• **Input data**:
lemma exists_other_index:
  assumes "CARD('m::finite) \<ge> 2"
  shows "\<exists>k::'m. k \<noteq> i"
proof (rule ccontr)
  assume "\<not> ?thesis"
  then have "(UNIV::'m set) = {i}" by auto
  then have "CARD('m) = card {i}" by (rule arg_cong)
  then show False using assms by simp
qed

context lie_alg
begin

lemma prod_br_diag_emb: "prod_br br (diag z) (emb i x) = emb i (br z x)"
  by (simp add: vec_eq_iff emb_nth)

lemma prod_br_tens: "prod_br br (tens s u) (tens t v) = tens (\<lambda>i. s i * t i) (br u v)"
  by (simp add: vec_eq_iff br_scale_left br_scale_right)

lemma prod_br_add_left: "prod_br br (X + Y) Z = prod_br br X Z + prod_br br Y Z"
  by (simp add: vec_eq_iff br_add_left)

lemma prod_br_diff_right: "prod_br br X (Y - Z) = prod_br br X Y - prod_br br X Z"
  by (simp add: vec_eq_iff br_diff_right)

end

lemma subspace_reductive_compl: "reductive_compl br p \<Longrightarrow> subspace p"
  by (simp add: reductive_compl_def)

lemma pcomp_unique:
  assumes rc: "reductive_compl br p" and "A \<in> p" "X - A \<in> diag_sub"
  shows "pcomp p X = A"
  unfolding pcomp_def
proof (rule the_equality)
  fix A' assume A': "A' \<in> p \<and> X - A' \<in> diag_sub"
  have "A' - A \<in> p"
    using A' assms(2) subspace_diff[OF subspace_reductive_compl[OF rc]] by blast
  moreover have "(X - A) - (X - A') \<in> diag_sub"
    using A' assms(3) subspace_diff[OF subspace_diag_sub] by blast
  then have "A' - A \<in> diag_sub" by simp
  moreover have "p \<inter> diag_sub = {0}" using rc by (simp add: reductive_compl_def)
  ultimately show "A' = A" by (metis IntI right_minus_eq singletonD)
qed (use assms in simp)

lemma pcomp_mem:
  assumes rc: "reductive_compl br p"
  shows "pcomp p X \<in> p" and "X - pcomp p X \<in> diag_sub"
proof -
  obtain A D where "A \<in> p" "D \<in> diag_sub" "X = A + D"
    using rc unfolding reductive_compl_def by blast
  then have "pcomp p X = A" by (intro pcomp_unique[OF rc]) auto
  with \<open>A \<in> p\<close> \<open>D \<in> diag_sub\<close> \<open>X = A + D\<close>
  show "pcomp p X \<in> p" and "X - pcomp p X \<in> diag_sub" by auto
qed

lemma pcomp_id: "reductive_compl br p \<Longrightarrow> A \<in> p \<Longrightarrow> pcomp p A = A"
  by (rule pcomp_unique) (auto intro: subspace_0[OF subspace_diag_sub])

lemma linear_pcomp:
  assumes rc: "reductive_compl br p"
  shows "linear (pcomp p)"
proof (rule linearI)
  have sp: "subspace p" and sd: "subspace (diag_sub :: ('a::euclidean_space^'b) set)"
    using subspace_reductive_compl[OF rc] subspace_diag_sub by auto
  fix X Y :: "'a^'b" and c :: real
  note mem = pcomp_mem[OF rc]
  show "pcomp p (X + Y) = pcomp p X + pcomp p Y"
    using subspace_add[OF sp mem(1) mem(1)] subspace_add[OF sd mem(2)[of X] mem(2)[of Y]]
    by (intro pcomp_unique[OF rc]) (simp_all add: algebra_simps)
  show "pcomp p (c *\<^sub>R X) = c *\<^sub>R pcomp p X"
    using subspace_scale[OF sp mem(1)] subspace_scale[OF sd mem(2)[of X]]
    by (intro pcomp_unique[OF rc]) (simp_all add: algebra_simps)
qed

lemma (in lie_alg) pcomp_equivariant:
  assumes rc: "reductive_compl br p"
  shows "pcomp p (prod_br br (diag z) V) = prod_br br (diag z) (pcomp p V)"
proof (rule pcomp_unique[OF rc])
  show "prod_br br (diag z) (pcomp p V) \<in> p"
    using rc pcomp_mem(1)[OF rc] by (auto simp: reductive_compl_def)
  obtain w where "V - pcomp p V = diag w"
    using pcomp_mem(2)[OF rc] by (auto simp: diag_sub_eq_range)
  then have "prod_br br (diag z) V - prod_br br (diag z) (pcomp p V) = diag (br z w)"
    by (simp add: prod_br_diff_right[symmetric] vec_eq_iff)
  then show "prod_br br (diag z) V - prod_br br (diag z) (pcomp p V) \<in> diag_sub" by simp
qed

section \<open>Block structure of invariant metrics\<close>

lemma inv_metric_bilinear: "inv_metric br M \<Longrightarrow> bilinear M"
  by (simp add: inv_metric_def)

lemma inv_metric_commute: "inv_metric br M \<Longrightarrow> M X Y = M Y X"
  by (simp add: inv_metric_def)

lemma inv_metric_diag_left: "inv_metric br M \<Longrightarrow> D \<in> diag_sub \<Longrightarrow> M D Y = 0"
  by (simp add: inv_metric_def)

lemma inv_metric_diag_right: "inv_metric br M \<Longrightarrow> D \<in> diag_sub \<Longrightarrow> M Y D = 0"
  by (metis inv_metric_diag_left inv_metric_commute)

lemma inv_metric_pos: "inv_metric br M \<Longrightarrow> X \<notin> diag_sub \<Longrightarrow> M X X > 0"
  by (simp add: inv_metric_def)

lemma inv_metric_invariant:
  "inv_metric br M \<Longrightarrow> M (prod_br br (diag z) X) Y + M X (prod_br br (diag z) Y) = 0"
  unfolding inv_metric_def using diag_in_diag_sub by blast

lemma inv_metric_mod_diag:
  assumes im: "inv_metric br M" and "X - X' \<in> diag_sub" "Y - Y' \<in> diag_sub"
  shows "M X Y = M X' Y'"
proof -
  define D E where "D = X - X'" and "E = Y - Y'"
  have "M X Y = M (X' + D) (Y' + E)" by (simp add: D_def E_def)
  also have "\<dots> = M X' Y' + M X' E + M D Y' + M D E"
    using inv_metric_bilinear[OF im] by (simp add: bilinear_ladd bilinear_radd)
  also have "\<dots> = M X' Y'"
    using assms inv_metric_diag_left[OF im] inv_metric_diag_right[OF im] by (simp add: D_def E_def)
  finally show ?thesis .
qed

==

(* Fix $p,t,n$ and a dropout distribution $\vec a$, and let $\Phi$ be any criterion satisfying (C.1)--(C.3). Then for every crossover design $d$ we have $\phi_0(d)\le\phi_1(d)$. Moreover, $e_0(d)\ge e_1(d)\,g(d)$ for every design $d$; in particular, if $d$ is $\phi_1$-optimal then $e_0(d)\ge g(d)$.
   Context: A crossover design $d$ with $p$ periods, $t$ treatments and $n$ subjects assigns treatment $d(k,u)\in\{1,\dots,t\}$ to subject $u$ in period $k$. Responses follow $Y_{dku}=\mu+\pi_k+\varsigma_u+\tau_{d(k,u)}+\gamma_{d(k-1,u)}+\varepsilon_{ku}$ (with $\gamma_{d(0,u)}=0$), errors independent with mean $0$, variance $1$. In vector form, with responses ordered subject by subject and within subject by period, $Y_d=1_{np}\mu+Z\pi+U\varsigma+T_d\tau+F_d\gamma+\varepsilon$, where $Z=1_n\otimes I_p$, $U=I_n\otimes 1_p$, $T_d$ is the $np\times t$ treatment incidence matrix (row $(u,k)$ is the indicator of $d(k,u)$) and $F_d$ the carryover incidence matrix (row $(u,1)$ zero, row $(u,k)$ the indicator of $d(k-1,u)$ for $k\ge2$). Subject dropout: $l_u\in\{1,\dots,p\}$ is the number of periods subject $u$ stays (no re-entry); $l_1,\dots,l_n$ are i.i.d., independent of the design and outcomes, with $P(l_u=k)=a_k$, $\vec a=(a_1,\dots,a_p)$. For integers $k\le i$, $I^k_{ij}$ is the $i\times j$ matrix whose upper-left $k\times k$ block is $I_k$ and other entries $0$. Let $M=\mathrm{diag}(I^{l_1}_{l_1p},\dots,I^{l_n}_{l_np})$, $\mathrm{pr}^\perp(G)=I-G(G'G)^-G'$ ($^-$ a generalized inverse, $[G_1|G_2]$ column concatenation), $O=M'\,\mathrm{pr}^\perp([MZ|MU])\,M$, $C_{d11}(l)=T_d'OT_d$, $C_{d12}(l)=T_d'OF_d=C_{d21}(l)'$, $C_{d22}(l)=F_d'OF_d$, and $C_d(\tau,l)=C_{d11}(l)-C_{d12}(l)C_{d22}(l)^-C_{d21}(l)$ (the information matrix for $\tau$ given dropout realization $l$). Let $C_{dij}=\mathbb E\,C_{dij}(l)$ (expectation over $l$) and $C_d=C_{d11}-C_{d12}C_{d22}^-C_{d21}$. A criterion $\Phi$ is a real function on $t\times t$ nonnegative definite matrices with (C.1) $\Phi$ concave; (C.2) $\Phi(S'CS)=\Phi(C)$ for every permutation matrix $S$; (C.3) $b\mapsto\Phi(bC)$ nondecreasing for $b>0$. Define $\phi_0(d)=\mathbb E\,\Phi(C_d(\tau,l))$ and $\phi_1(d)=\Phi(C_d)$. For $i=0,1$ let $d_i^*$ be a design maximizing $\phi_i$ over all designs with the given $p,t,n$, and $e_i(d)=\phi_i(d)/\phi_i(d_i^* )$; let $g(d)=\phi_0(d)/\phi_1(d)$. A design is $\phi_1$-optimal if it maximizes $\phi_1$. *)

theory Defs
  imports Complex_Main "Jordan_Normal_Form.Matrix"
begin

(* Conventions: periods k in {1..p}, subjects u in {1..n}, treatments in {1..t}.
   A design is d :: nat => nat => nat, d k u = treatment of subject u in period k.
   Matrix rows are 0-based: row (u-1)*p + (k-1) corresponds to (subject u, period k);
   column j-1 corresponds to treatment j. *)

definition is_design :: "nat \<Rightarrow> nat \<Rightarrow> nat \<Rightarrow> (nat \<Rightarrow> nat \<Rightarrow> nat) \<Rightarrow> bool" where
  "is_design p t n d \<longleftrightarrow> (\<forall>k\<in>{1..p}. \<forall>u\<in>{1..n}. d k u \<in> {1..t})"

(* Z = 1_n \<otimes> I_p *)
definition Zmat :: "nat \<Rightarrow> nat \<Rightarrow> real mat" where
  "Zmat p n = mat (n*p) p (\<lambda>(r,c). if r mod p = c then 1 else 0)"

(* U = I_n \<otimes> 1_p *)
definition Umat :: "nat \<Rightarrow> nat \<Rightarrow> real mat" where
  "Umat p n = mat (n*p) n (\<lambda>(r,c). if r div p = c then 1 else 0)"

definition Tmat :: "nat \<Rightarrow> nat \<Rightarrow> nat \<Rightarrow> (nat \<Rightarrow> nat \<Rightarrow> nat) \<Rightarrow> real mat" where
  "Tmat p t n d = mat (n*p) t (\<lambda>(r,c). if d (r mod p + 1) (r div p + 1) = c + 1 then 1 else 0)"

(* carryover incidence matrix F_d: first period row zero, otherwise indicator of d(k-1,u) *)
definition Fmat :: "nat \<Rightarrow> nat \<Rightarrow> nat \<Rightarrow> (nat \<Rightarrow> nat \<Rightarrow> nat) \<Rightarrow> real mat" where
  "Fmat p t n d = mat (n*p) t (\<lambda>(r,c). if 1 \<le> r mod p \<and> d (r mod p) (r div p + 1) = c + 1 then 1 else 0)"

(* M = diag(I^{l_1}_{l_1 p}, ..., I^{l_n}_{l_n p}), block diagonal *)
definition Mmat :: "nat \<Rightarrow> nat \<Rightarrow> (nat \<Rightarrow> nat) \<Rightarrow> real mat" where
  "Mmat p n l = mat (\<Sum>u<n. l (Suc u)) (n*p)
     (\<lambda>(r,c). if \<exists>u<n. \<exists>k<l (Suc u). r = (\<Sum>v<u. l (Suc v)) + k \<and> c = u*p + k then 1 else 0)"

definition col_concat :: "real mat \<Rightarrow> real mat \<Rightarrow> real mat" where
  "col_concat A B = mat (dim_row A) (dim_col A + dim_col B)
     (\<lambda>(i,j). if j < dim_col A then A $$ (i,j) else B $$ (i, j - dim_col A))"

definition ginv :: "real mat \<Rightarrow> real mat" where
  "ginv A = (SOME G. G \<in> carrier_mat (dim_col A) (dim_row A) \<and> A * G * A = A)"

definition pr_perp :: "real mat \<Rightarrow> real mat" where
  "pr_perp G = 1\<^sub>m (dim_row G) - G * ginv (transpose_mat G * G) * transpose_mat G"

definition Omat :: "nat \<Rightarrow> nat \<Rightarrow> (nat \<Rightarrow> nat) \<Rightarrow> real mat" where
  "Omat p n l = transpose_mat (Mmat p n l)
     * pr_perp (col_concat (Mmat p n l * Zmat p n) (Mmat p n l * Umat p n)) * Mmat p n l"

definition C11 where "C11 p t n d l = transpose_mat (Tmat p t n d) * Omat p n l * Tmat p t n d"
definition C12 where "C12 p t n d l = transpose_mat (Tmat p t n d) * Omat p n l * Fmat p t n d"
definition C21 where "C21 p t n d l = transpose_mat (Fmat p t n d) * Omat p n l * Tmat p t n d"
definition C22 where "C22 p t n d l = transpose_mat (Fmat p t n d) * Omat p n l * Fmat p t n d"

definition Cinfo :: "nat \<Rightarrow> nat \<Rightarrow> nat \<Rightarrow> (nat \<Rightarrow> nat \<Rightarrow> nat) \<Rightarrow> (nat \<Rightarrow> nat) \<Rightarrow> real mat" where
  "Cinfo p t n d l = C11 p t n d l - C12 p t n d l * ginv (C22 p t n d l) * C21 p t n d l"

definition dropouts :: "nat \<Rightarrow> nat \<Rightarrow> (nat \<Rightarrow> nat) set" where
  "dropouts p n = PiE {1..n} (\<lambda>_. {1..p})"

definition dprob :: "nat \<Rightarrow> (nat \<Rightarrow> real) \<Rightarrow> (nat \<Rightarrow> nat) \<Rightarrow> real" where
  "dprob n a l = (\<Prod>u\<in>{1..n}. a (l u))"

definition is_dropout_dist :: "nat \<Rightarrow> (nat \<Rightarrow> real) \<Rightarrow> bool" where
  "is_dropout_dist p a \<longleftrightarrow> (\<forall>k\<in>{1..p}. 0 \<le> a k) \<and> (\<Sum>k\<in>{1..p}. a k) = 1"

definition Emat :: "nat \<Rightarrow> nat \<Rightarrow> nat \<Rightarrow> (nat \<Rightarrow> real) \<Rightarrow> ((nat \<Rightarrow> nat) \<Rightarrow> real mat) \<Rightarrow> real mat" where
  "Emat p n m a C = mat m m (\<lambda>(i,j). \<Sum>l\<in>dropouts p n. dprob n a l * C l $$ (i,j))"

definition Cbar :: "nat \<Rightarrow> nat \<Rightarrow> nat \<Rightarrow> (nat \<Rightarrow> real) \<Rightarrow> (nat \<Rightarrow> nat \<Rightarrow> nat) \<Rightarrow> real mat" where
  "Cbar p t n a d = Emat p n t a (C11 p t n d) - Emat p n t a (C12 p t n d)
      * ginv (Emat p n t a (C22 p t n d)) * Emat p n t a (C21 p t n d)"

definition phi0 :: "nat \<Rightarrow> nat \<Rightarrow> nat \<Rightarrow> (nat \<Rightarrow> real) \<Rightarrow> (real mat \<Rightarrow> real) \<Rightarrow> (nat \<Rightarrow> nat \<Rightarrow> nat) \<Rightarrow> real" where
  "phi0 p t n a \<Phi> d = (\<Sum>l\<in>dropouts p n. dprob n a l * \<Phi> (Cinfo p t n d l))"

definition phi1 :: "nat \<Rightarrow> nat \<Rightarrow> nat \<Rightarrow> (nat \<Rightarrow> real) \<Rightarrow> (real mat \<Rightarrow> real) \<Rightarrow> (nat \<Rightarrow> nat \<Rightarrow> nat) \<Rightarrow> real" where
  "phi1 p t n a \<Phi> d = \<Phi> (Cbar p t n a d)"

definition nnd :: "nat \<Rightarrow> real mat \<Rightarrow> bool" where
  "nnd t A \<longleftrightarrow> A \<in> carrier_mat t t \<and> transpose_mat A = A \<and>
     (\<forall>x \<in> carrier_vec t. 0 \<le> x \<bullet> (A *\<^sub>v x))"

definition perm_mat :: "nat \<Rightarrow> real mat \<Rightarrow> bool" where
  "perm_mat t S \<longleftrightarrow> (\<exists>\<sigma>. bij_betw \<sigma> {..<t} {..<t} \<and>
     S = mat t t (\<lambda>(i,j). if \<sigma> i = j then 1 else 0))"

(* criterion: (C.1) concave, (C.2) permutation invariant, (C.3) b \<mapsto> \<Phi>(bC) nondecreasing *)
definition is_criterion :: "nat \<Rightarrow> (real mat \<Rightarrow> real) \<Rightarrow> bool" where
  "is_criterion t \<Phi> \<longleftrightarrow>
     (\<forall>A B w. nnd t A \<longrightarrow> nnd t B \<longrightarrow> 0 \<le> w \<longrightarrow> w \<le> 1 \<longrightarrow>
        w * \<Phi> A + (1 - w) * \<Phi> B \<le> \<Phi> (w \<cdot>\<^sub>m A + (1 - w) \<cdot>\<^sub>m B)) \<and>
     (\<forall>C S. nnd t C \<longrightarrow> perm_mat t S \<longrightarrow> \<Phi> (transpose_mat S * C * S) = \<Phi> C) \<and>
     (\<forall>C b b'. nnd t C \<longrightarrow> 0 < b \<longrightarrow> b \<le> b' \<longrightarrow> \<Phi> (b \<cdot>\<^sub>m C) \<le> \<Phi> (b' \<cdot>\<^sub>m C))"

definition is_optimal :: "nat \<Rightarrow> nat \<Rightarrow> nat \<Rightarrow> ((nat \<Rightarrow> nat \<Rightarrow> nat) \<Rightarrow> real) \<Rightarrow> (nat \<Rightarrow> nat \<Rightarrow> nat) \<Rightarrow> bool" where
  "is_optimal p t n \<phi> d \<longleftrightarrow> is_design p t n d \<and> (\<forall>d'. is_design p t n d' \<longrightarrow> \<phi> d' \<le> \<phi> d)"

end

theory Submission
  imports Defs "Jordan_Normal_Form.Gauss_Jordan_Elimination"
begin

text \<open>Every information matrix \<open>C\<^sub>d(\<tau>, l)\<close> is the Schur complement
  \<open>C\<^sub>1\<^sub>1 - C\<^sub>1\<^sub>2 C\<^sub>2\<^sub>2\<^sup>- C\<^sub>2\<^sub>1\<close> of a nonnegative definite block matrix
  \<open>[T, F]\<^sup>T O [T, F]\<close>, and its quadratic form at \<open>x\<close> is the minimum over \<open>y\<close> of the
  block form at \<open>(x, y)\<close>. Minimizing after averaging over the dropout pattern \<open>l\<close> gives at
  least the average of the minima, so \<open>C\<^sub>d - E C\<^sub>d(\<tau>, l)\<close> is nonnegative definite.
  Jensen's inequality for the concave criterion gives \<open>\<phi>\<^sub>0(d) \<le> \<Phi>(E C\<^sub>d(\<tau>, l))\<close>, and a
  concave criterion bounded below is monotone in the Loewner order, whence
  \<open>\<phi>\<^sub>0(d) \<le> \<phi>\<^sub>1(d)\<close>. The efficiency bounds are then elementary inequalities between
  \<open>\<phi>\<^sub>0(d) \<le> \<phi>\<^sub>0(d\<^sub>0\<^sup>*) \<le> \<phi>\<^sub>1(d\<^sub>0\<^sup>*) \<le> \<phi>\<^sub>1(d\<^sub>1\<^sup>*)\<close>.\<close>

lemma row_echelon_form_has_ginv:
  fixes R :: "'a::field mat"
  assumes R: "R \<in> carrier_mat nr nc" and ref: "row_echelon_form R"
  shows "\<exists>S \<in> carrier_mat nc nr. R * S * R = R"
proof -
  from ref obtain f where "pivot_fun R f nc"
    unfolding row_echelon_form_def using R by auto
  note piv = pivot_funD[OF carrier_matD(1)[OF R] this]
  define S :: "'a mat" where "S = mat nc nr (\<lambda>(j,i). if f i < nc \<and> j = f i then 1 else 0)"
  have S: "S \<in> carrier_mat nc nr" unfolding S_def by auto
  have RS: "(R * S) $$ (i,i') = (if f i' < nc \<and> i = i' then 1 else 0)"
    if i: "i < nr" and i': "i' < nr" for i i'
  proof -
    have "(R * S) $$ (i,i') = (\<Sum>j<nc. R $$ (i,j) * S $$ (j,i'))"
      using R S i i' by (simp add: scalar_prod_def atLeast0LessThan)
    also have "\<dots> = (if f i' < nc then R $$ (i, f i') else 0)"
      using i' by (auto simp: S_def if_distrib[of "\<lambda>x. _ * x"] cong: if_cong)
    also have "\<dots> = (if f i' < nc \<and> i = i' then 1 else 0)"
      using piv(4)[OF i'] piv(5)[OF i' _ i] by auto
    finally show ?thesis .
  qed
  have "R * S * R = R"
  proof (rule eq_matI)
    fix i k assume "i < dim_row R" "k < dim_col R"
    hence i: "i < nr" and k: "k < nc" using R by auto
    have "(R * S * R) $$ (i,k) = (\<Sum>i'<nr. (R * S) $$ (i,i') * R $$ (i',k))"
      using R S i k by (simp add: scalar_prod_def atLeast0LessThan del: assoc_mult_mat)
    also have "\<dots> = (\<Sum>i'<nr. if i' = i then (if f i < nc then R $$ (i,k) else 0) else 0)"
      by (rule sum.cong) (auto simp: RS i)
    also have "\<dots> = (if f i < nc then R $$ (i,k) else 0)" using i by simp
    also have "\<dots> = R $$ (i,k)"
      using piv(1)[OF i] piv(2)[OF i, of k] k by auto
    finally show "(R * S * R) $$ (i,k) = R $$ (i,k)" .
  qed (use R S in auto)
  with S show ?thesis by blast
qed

==

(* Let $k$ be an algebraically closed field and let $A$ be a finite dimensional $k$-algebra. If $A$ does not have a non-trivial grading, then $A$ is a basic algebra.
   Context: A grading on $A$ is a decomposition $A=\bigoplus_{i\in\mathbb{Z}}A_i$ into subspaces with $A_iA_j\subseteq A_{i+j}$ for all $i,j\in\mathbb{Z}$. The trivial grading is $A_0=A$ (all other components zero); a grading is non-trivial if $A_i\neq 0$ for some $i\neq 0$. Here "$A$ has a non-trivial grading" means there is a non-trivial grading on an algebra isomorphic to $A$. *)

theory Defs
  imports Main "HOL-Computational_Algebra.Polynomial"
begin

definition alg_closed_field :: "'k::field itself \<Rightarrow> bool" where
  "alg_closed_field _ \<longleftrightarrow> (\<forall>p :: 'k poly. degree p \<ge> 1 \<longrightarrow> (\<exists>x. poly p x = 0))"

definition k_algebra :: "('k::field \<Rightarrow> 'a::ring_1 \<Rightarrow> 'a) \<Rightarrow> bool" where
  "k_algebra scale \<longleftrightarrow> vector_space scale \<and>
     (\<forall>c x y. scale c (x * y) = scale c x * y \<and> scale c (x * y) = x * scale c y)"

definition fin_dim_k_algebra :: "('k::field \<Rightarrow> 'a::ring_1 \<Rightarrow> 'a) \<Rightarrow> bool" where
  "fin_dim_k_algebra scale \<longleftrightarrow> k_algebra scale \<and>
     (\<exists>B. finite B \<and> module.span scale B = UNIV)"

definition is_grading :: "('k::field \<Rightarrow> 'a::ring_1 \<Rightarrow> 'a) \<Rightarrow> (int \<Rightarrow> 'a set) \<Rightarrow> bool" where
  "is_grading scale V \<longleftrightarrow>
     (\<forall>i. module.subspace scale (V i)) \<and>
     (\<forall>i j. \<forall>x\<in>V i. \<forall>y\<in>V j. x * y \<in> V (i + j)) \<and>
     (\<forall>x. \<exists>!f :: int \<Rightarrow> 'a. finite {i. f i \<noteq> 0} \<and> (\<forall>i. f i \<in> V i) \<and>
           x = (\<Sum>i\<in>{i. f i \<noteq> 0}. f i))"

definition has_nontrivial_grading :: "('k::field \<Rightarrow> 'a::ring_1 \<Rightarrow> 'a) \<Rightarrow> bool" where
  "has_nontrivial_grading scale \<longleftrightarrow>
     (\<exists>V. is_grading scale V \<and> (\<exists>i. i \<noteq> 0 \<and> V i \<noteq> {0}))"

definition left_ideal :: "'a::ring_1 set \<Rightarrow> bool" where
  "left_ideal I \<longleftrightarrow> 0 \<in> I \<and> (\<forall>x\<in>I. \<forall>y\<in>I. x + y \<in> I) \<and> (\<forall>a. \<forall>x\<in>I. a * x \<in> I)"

• **Required action**: Taking the listing above as the source, transcribe only the lines starting at the line with "(diag_sub :: ('a::euclidean_space^'b)" and going through the line with "Y) = pcomp p", unaltered and with both ends included.

• **Solution for this task**:
  have sp: "subspace p" and sd: "subspace (diag_sub :: ('a::euclidean_space^'b) set)"
    using subspace_reductive_compl[OF rc] subspace_diag_sub by auto
  fix X Y :: "'a^'b" and c :: real
  note mem = pcomp_mem[OF rc]
  show "pcomp p (X + Y) = pcomp p X + pcomp p Y"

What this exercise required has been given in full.